Thank Goodness the Hospital took mercy on me and worked me in anyway. They are just so accommodating in every department I have been sent to. They truly must love their work, because you cannot fake that kind of caring. Now, I do think some doctors do it for the money, but not most hospital employees.
I am so tired. I am thankful that I AM feeling better, but still do have pain in my rib and right armpit which is where this nodule is. And then I looked around and I saw so many people that have so many more problems than me, and it humbled me. When you sit around in hospital gowns and robes, you know you are all the same, no one is judged by the clothes they wear, we are all just people. And it's definitely a neat thing. We talk and laugh, and have a brief camaraderie. I've noticed this where ever I go for tests these last three months. And it's easier to talk to a person somewhere near my age (that means over 50 but not 100), but I've met some nice younger folks, too.
Well, I hope this finds you all doing well and that you are getting ready for Christmas without the last minute stuff I will have to do. You know I'd love to hear from any and all of you new or old to blog spot. I love making new friends!
Many people moved my blog out of kindness from a mass Email I sent out. I was so touched by the thoughtfulness and the kindness of all of you who moved my AOL Journals. So far, this is themain one I've been writing in. I will delete some others or rename them and write about different things. I never know when to shut up so that might be a good way to use all my blogs.

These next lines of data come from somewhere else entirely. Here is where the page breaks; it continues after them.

lemma bohr_hyps_0_iff:
  "bohr_hyps 0 H G A B \<longleftrightarrow>
     H holomorphic_on ball 0 1 \<and> G holomorphic_on ball 0 1 \<and>
     (\<forall>u\<in>ball 0 1. norm (H u) \<le> 1) \<and>
     (\<forall>u\<in>ball 0 1. (\<lambda>n. A n * u ^ n) sums H u) \<and>
     (\<forall>u\<in>ball 0 1. (\<lambda>n. B (Suc n) * u ^ Suc n) sums G u) \<and>
     sense_preserving_on H G (ball 0 1)"
  by (simp add: bohr_hyps_def Omega_def)

lemma bohr_sum_0:
  "bohr_sum 0 A B \<rho> = (\<Sum>n. norm (A n) * \<rho> ^ n) + (\<Sum>n. norm (B (Suc n)) * \<rho> ^ Suc n)"
  by (simp add: bohr_sum_def)

lemma bohr_sum_le_1_if_coefficient_bounds:
  fixes A B :: "nat \<Rightarrow> complex" and \<alpha> w \<rho> :: real
  assumes \<alpha>: "norm (A 0) = \<alpha>" "\<alpha> \<le> 1" and w: "0 \<le> w" "w \<le> 1"
    and A: "\<And>n. n > 0 \<Longrightarrow> norm (A n) \<le> 1 - \<alpha>\<^sup>2"
    and B: "\<And>k. norm (B (Suc k)) \<le> (1 - \<alpha>\<^sup>2) * w + (1 - \<alpha>\<^sup>2) * (1 - w\<^sup>2) * k"
    and \<rho>: "0 \<le> \<rho>" "\<rho> \<le> 1/5"
  shows "bohr_sum 0 A B \<rho> \<le> 1"
proof -
  define t where "t = \<rho> / (1 - \<rho>)"
  have \<rho>1: "\<rho> < 1"
    using \<rho> by simp
  have sumA: "summable (\<lambda>n. norm (A (Suc n)) * \<rho> ^ Suc n)"
    and leA: "(\<Sum>n. norm (A (Suc n)) * \<rho> ^ Suc n) \<le> (1 - \<alpha>\<^sup>2) * t"
    using suminf_le_if_coefficients_le_linear[OF \<rho>(1) \<rho>1, of "\<lambda>n. norm (A (Suc n))" "1 - \<alpha>\<^sup>2" 0] A
    by (simp_all add: t_def)
  have "(\<Sum>n. norm (A n) * \<rho> ^ n) = \<alpha> + (\<Sum>n. norm (A (Suc n)) * \<rho> ^ Suc n)"
    using suminf_split_head[of "\<lambda>n. norm (A n) * \<rho> ^ n"] sumA
      summable_Suc_iff[of "\<lambda>n. norm (A n) * \<rho> ^ n"] \<alpha>(1)
    by simp
  moreover have "(\<Sum>n. norm (B (Suc n)) * \<rho> ^ Suc n) \<le> (1 - \<alpha>\<^sup>2) * w * t + (1 - \<alpha>\<^sup>2) * (1 - w\<^sup>2) * t\<^sup>2"
    unfolding t_def by (rule suminf_le_if_coefficients_le_linear(2)[OF \<rho>(1) \<rho>1]) (use B in auto)
  moreover have "\<alpha> + (1 - \<alpha>\<^sup>2) * t + (1 - \<alpha>\<^sup>2) * (w * t + (1 - w\<^sup>2) * t\<^sup>2) \<le> 1"
    using \<rho> \<alpha> w norm_ge_zero[of "A 0"] by (intro bohr_quadratic_le_1) (auto simp: t_def field_simps)
  ultimately show ?thesis
    using leA by (simp add: bohr_sum_0 algebra_simps)
qed

theorem harmonic_bohr_inequality_disk:
  assumes hyps: "bohr_hyps 0 H G A B" and \<rho>: "0 \<le> \<rho>" "\<rho> \<le> 1/5"
  shows "bohr_sum 0 A B \<rho> \<le> 1"
proof -
  from hyps have holH: "H holomorphic_on ball 0 1" and holG: "G holomorphic_on ball 0 1"
    and bndH: "\<And>u. u \<in> ball 0 1 \<Longrightarrow> norm (H u) \<le> 1"
    and serH: "\<And>u. u \<in> ball 0 1 \<Longrightarrow> (\<lambda>n. A n * u ^ n) sums H u"
    and serG: "\<And>u. u \<in> ball 0 1 \<Longrightarrow> (\<lambda>n. B (Suc n) * u ^ Suc n) sums G u"
    and sp: "sense_preserving_on H G (ball 0 1)"
    by (simp_all add: bohr_hyps_0_iff)
  define B' where "B' n = (if n = 0 then 0 else B n)" for n
  have expH: "H has_fps_expansion Abs_fps A"
    by (rule has_fps_expansion_if_sums_on_disk[OF serH])
  have expG: "G has_fps_expansion Abs_fps B'"
  proof (rule has_fps_expansion_if_sums_on_disk)
    fix u :: complex assume "u \<in> ball 0 1"
    then have "(\<lambda>n. B' (Suc n) * u ^ Suc n) sums G u"
      using serG by (simp add: B'_def)
    then show "(\<lambda>n. B' n * u ^ n) sums G u"
      by (subst (asm) sums_Suc_iff) (simp add: B'_def)
  qed
  obtain W where eq: "fps_deriv (Abs_fps B') = W * fps_deriv (Abs_fps A)"
    and W0: "norm (fps_nth W 0) \<le> 1"
    and W: "\<And>n. n > 0 \<Longrightarrow> norm (fps_nth W n) \<le> 1 - (norm (fps_nth W 0))\<^sup>2"
    using sense_preserving_dilatation_fps[OF holH holG sp expH expG] by blast
  define \<alpha> where "\<alpha> = norm (A 0)"
  define w where "w = norm (fps_nth W 0)"
  have A: "norm (A n) \<le> 1 - \<alpha>\<^sup>2" if "n > 0" for n
    using wiener_inequality[OF holH bndH expH that] by (simp add: \<alpha>_def)
  have "A 0 = H 0"
    using has_fps_expansion_imp_0_eq_fps_nth_0[OF expH] by simp
  then have "\<alpha> \<le> 1"
    using bndH[of 0] by (simp add: \<alpha>_def)
  moreover have "norm (B (Suc k)) \<le> (1 - \<alpha>\<^sup>2) * w + (1 - \<alpha>\<^sup>2) * (1 - w\<^sup>2) * k" for k
    using norm_fps_nth_Suc_le_if_fps_deriv_eq_mult[OF eq, of "1 - \<alpha>\<^sup>2" w "1 - w\<^sup>2" k] A W
    by (simp add: B'_def w_def algebra_simps)
  ultimately show ?thesis
    using A W0 \<rho> by (intro bohr_sum_le_1_if_coefficient_bounds[of A \<alpha> w]) (auto simp: \<alpha>_def w_def)
qed

section \<open>Sharpness of the radius 1/5\<close>

definition bohr_extremal :: "real \<Rightarrow> complex \<Rightarrow> complex" where
  "bohr_extremal \<alpha> u = (of_real \<alpha> - u) / (1 - of_real \<alpha> * u)"

definition bohr_extremal_coeff :: "real \<Rightarrow> nat \<Rightarrow> complex" where
  "bohr_extremal_coeff \<alpha> n = (if n = 0 then of_real \<alpha> else - of_real ((1 - \<alpha>\<^sup>2) * \<alpha> ^ (n - 1)))"

lemma bohr_extremal_tail_sums:
  fixes \<alpha> :: real
  assumes \<alpha>: "0 \<le> \<alpha>" "\<alpha> < 1" and u: "u \<in> ball 0 1"
  shows "1 - of_real \<alpha> * u \<noteq> 0"
    and "(\<lambda>n. bohr_extremal_coeff \<alpha> (Suc n) * u ^ Suc n) sums (bohr_extremal \<alpha> u - of_real \<alpha>)"
proof -
  have small: "norm (of_real \<alpha> * u) < 1"
    using u \<alpha> mult_left_le_one_le[of "norm u" \<alpha>] by (simp add: norm_mult)
  then show den: "1 - of_real \<alpha> * u \<noteq> 0"
    by fastforce
  have geom: "(\<lambda>n. (- of_real (1 - \<alpha>\<^sup>2) * u) * (of_real \<alpha> * u) ^ n)
                sums ((- of_real (1 - \<alpha>\<^sup>2) * u) * (1 / (1 - of_real \<alpha> * u)))"
    by (intro sums_mult geometric_sums small)
  have terms: "(- of_real (1 - \<alpha>\<^sup>2) * u) * (of_real \<alpha> * u) ^ n = bohr_extremal_coeff \<alpha> (Suc n) * u ^ Suc n"
    for n
    by (simp add: bohr_extremal_coeff_def power_mult_distrib algebra_simps)
  have "(- of_real (1 - \<alpha>\<^sup>2) * u) * (1 / (1 - of_real \<alpha> * u)) = bohr_extremal \<alpha> u - of_real \<alpha>"
    using den by (simp add: bohr_extremal_def field_simps power2_eq_square)
  then show "(\<lambda>n. bohr_extremal_coeff \<alpha> (Suc n) * u ^ Suc n) sums (bohr_extremal \<alpha> u - of_real \<alpha>)"
    using geom unfolding terms by simp
qed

Take care now and if you do post to your blog, please email me at merry1621@aol.com as I don't think I get alerts anymore. Do any of you?
Oh, I have missed you all! And I want to thank those of you who have hung with me through Emailing. You are special folks and I truly feel a kinship with each of you.
Good night! Love you!
Merry
PS You're emails have helped me so much through all this sickness. I have been incredibly lucky in all my life, never had things like this. Getting old stinks. I hate 65 & I hate Medicare but what can I do about it? Well, I loved my life before so hopefully I will again soon. If I had to pick my 10 favorite years they would be from 37-47, though. How about all of you? What are your favorite years?